Making a Brainfuck interpreter in JavaScript - Part 2

In the last article, I explored the basics of Brainfuck tokenization and interpretation, using Abstract Syntax Trees (AST) to represent the program. In this article, I will continue to build on that foundation by implementing a VM-like interpreter that can execute the AST. I'll also wrap the whole thing up, by adding some command-line scripts to parse and run Brainfuck programs.
The interpreter
Previously, we explored how we can add an execute
method to the AST
and ASTNode
classes to run the program. However, we may want far more flexibility in interpretation, especially if we were working with a more complex language with more instructions or more complex constructs.
To deal with this complexity, we can delegate code execution to a separate class. As my implementation is a mix of an interpreter and a VM in itself, I'll call this class, the Runner
. So, what are the responsibilities we want to give this class?
Runner responsibilities
First and foremost, we need it to be able to execute the program, provided as an AST. Then, we want it to handle input, output and memory management. The input and output need to be configurable, so we can potentially supply all of the input ahead of time, or output to a file, for example.
Memory management will use the underlying Memory
class, but we may want to swap it out for a different implementation in the future, or provide an initial memory setup.
Next up, we want to provide a maximum number of steps to run the program for, to prevent infinite loops. We'll also add a safeguard to terminate via a signal sent as a method call to the Runner
.
I found that implementing event-driven logic to actually handle signal-based termination was too much for this article, but I had already written the method and thought I'd share it, if you want to try it out yourself.

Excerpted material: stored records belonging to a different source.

definition minkowski_equivalent :: "'a::euclidean_space set \<Rightarrow> 'a set \<Rightarrow> bool" where
  "minkowski_equivalent P Q \<longleftrightarrow> normal_fan P = normal_fan Q"

text \<open>y is normal to a facet of P: the face of P exposed by y is a facet of P.
  For a 0-dimensional polytope (a point) the only facet is the empty face, whose
  normal cone is the whole space; this convention is encoded by the first disjunct.\<close>
definition facet_normal :: "'a::euclidean_space set \<Rightarrow> 'a \<Rightarrow> bool" where
  "facet_normal P y \<longleftrightarrow> aff_dim P = 0 \<or>
     (\<exists>F. F facet_of P \<and> F = {x\<in>P. \<forall>z\<in>P. z \<bullet> y \<le> x \<bullet> y})"

end

theory Submission
  imports Defs
begin

text \<open>Write h(y) for the sum of the support functions of P and -Q at y; a direction y
  yields a separating hyperplane iff h(y) < 0, and disjointness provides one such y0.
  Since P and -Q have the same normal fan, their faces in any two directions are nested in
  the same way. Hence, if x0 lies in the relative interior of the face F of P exposed by y0
  and x' in the face of -Q exposed by y0, then h(z) is the linear functional of v = x0 + x'
  at every z whose face of P contains F, in particular at every normal of a facet through x0.
  Directions constant on P can be added to any facet normal without changing the facet,
  which puts v into the direction space of the affine hull of P. If h were nonnegative at all
  facet normals, a small step from x0 in direction -v would therefore stay in P, yet it
  increases the value of y0, which is maximal at x0.\<close>

definition max_face :: "'a::real_inner set \<Rightarrow> 'a \<Rightarrow> 'a set" where
  "max_face S y = {x\<in>S. \<forall>z\<in>S. z \<bullet> y \<le> x \<bullet> y}"

definition support_function :: "'a::real_inner set \<Rightarrow> 'a \<Rightarrow> real" where
  "support_function S y = (SUP x\<in>S. x \<bullet> y)"

lemma max_face_subset: "max_face S y \<subseteq> S"
  by (auto simp: max_face_def)

lemma max_face_nonempty:
  fixes S :: "'a::real_inner set"
  assumes "compact S" "S \<noteq> {}"
  shows "max_face S y \<noteq> {}"
proof -
  have "continuous_on S (\<lambda>x. x \<bullet> y)"
    by (intro continuous_intros)
  then obtain x where "x \<in> S" "\<forall>z\<in>S. z \<bullet> y \<le> x \<bullet> y"
    using continuous_attains_sup[OF assms] by blast
  then show ?thesis
    by (auto simp: max_face_def)
qed

lemma max_face_eq_supporting_hyperplane:
  assumes "S \<subseteq> {x. a \<bullet> x \<le> b}" "S \<inter> {x. a \<bullet> x = b} \<noteq> {}"
  shows "max_face S a = S \<inter> {x. a \<bullet> x = b}"
proof -
  obtain p where p: "p \<in> S" "a \<bullet> p = b"
    using assms(2) by blast
  have "x \<in> max_face S a \<longleftrightarrow> x \<in> S \<and> a \<bullet> x = b" for x
  proof
    assume "x \<in> max_face S a"
    then have "x \<in> S" "b \<le> a \<bullet> x"
      using p by (auto simp: max_face_def inner_commute)
    with assms(1) show "x \<in> S \<and> a \<bullet> x = b"
      by fastforce
  next
    assume "x \<in> S \<and> a \<bullet> x = b"
    with assms(1) show "x \<in> max_face S a"
      by (auto simp: max_face_def inner_commute)
  qed
  then show ?thesis
    by blast
qed
lemma ccw_in_xy_plane_rotate: "ccw_in_xy_plane P Q R \<Longrightarrow> ccw_in_xy_plane Q R P"
  unfolding ccw_in_xy_plane_def by (simp add: cross_components algebra_simps)

lemma ccw_in_xy_plane_dist_pos: "ccw_in_xy_plane P Q R \<Longrightarrow> 0 < dist P Q"
  unfolding ccw_in_xy_plane_def by auto

lemma ccw_in_xy_plane_sgn_triple_product:
  assumes "ccw_in_xy_plane A B C"
  shows "sgn (cross3 (B - A) (C - A) \<bullet> (F - A)) = sgn (F $ 3)"
proof -
  have "cross3 (B - A) (C - A) \<bullet> (F - A) = cross3 (B - A) (C - B) $ 3 * F $ 3"
    using assms unfolding ccw_in_xy_plane_def by (simp add: inner_vec3 cross_components algebra_simps)
  with assms show ?thesis
    unfolding ccw_in_xy_plane_def by (simp add: sgn_mult)
qed

lemma left_unit_normal_toward_third_vertex:
  assumes "ccw_in_xy_plane P Q R"
  shows "0 < left_unit_normal P Q \<bullet> (R - midpoint P Q)"
proof -
  have "0 < norm (Q - P)"
    using ccw_in_xy_plane_dist_pos[OF assms] by (simp add: dist_norm norm_minus_commute)
  then have "left_unit_normal P Q \<bullet> (R - midpoint P Q) = cross3 (Q - P) (R - Q) $ 3 / norm (Q - P)"
    by (simp add: inner_vec3 left_unit_normal_components cross_components midpoint_def field_simps)
  with assms \<open>0 < norm (Q - P)\<close> show ?thesis
    unfolding ccw_in_xy_plane_def by simp
qed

Finally, we'll add the ability to pass flags before execution. For now, we'll only implement a debug
flag with additional output, but we could add more in the future.
Let's see what this core looks like:
import { Readable, Writable } from 'stream'; import Memory from './memory.js'; const MAX_INSTRUCTIONS = 10_000; class Runner { #hasTerminated = false; constructor( ast, { stdin = process.stdin, stdout = process.stdout, memory, maxInstructionCount = MAX_INSTRUCTIONS, debug = false, } = {} ) { this.ast = ast; this.stdin = typeof stdin === 'string' ? this.#toInStream(stdin) : stdin; this.stdout = debug ? this.#toDebugWriteStream(stdout) : stdout; this.memory = new Memory(memory); this.maxInstructionCount = maxInstructionCount ?? MAX_INSTRUCTIONS; this.debug = debug; } get hasTerminated() { return this.#hasTerminated; } get hasExceededInstructionCount() { return this.instructionCounter > this.maxInstructionCount; } stop() { this.#terminate('Stopped'); } #terminate(error = null) { this.#hasTerminated = true; const status = error ? 1 : 0; const message = error ?? 'Success'; if (this.debug) { const output = this.output; process.stdout.write('\n'); process.stdout.write(`Status: ${message} (Code: ${status})\n`); process.stdout.write(`Memory: ${this.memory.toString()}\n`); process.stdout.write(`Instruction count: ${this.instructionCounter}\n`); if (output) process.stdout.write( `Output: [${output.split('\n').filter(Boolean).join(', ')}]\n` ); } process.exit(status); } #toInStream(string) { const stream = new Readable(); stream.setEncoding('ascii'); stream.push(string); stream.push(null); return stream; } #toDebugWriteStream(stream) { this.output = ''; return new Writable({ write: (chunk, encoding, callback) => { this.output += chunk.toString(); callback(); }, }); } } export default Runner;
As you can see, there's a lot going on here and we've yet to implement actual execution logic. We're relying on Node.js streams to make input and output configurable, allowing us to pass input as a string or make output print all out at once in debug mode. We're also setting up the early termination system we mentioned to make it easier to stop the program if it runs too long.
Memory upgrades
You may have noticed I snuck in some changes to the Memory
class, the most important one of which comes as an argument to the constructor
. We can now initialize our memory with some data, if we so desire, which may come in handy for debugging segments of code without having to perform the entire setup manually.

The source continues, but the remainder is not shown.